Reg Read

Personal information
- Full name: Reginald John Read
- Born: 8 June 1886 Auckland, New Zealand
- Died: 1 March 1974 (aged 87) Mount Pleasant, Christchurch, New Zealand
- Batting: Right-handed
- Bowling: Right-arm medium

Domestic team information
- 1904/05–1937/38: Canterbury

Career statistics
| Competition | First-class |
| Matches | 48 |
| Runs scored | 1,034 |
| Batting average | 13.78 |
| 100s/50s | 0/1 |
| Top score | 50 |
| Balls bowled | 11,343 |
| Wickets | 188 |
| Bowling average | 26.56 |
| 5 wickets in innings | 11 |
| 10 wickets in match | 1 |
| Best bowling | 7/24 |
| Catches/stumpings | 30/– |
- Source: CricketArchive, 2 April 2014

= Reg Read =

New Zealand cricketer (1886–1974)

Reginald John Read (8 June 1886 – 1 March 1974) was a New Zealand medium-pace bowler who played first-class cricket for Canterbury from 1904–05 to 1937–38.

==Playing career==
Read made his first-class debut in Christchurch against the Australians at the age of 18 in February 1905, batting at number 11 and bowling only one over. He played two matches in 1906–07 but was given only seven overs altogether, and did not take a wicket.

He had to wait another 11 years for his next match. In 1917–18, for his Canterbury club Lancaster Park, he took 92 wickets in eight matches for 781 runs with his accurate medium-pace bowling, and he returned to the Canterbury side at the age of 31. The Plunket Shield was still in its wartime hiatus, but there were several inter-provincial friendly matches. In his first match, against Otago, he took 3 for 58 and 2 for 35 (bowling throughout the innings) and made 18 and 34 not out to help Canterbury to victory. In the next match he bowled through the entire Wellington first innings, taking 4 for 43 off 23 overs. He remained in the Canterbury side, opening the bowling for more than ten years until his early forties.

In 1920–21, in what proved to be Southland's second-last first-class match, Read took 7 for 35 and 7 for 24, bowling unchanged throughout the two innings.
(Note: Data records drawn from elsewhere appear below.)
lemma integral_indicator_state:
  fixes F :: "'s \<Rightarrow> real"
  assumes "0 \<le> t" "A \<in> sets M"
  shows "(\<integral>\<omega>. indicator A \<omega> * F (X t \<omega>) \<partial>M) = (\<Sum>z\<in>S. F z * prob (A \<inter> ev M X t z))"
proof -
  have sets: "A \<inter> ev M X t z \<in> sets M" for z using assms state_event by auto
  have "(\<integral>\<omega>. indicator A \<omega> * F (X t \<omega>) \<partial>M) = (\<integral>\<omega>. (\<Sum>z\<in>S. F z * indicator (A \<inter> ev M X t z) \<omega>) \<partial>M)"
    using indicator_state_expansion[OF assms(1)] by (intro Bochner_Integration.integral_cong) auto
  also have "\<dots> = (\<Sum>z\<in>S. F z * prob (A \<inter> ev M X t z))"
    using sets by (subst Bochner_Integration.integral_sum) (auto simp: less_top[symmetric])
  finally show ?thesis .
qed

text \<open>Joint measurability in (time, sample) of the path, clamped to [0, \<infinity>): approximate the
  time from the right by grid points, where measurability is clear, and use right-continuity.\<close>
lemma clamped_path_measurable:
  "(\<lambda>p. X (max 0 (fst p)) (snd p)) \<in> borel_measurable ((lborel::real measure) \<Otimes>\<^sub>M M)"
proof -
  define d where "d = (\<lambda>(n::nat) (u::real). (of_int \<lfloor>real (Suc n) * u\<rfloor> + 1) / real (Suc n))"
  have grid_meas: "(\<lambda>p. X (max 0 (d n (max 0 (fst p)))) (snd p)) \<in> borel_measurable ((lborel::real measure) \<Otimes>\<^sub>M M)"
    for n
  proof -
    have floor_meas: "(\<lambda>p. \<lfloor>real (Suc n) * max 0 (fst p)\<rfloor>) \<in> ((lborel::real measure) \<Otimes>\<^sub>M M) \<rightarrow>\<^sub>M count_space UNIV"
      by (rule measurable_compose[OF _ measurable_real_floor]) measurable
    have grid_point_meas: "(\<lambda>p. X (max 0 ((of_int k + 1) / real (Suc n))) (snd p))
        \<in> borel_measurable ((lborel::real measure) \<Otimes>\<^sub>M M)" for k :: int
      by (rule measurable_compose[OF measurable_snd process_measurable]) simp
    show ?thesis
      using measurable_compose_countable[where f = "\<lambda>k p. X (max 0 ((of_int k + 1) / real (Suc n))) (snd p)",
          OF grid_point_meas floor_meas]
      by (simp add: d_def)
  qed
  show ?thesis
  proof (rule borel_measurable_LIMSEQ_metric[OF grid_meas])
    fix p :: "real \<times> 'a" assume "p \<in> space (lborel \<Otimes>\<^sub>M M)"
    then have \<omega>: "snd p \<in> space M" by (auto simp: space_pair_measure)
    define u where "u = max 0 (fst p)"
    have "max 0 (d n u) = d n u" for n
      using right_grid_limit(1)[of u n] by (simp add: d_def u_def)
    moreover have "((\<lambda>v. X v (snd p)) \<longlongrightarrow> X u (snd p)) (at_right u)"
      using right_cont[OF _ \<omega>, of u] by (simp add: continuous_within u_def)
    from filterlim_compose[OF this right_grid_limit(2)[of u]]
    have "(\<lambda>n. X (d n u) (snd p)) \<longlonglongrightarrow> X u (snd p)" by (simp add: d_def)
    ultimately show "(\<lambda>n. X (max 0 (d n (max 0 (fst p)))) (snd p)) \<longlonglongrightarrow> X (max 0 (fst p)) (snd p)"
      by (simp add: u_def)
  qed
qed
In 1922–23, when Canterbury won the Plunket Shield, he was the leading bowler in the competition, with 20 wickets at an average of 18.40. In the victory over Auckland that season he made his highest score, 50, then took 5 for 53 and 3 for 81.

No one in the 1926–27 Plunket Shield season bettered Read's tally of 19 wickets, but at 40 he was overlooked when the team for New Zealand's first tour of England in 1927 was chosen. He was selected to play for New Zealand against the touring Australians in 1927–28, but took only two wickets in the two matches. By the time New Zealand played Test cricket for the first time, in 1930, he was 43 and no longer playing for Canterbury.

Read kept playing for Lancaster Park, on his way to a tally of around 1800 wickets in club cricket. Without him, Canterbury won the Plunket Shield in 1934–35, but then did not win a match in 1935–36 or 1936–37, and for the 1937–38 season they brought Read back to open the bowling again at the age of 51. He took only four wickets in the three matches, and Canterbury finished last without a victory again, but his stamina was undiminished. In his final match he bowled 33.1 eight-ball overs, taking 1 for 102 as Auckland amassed 590.

In his first first-class match Read had played against Syd Gregory, whose first-class career began in 1890; in his last match he played against Merv Wallace, whose first-class career ended in 1961. Dick Brittenden said of Read: "From a run of about eight yards, he bowled medium-paced out-swingers and off-breaks ... his mastery of length and direction was absolute ... Read was one of the fittest cricketers ever to put on a pad."

==Personal life==
Read worked as a foreman in a Christchurch foundry. Later he retired to live in Kaikōura. He and his wife Violet had one son. She died in 1947, aged 59; he died in his sleep at his nursing home in the Christchurch suburb of Mount Pleasant in March 1974, aged 87.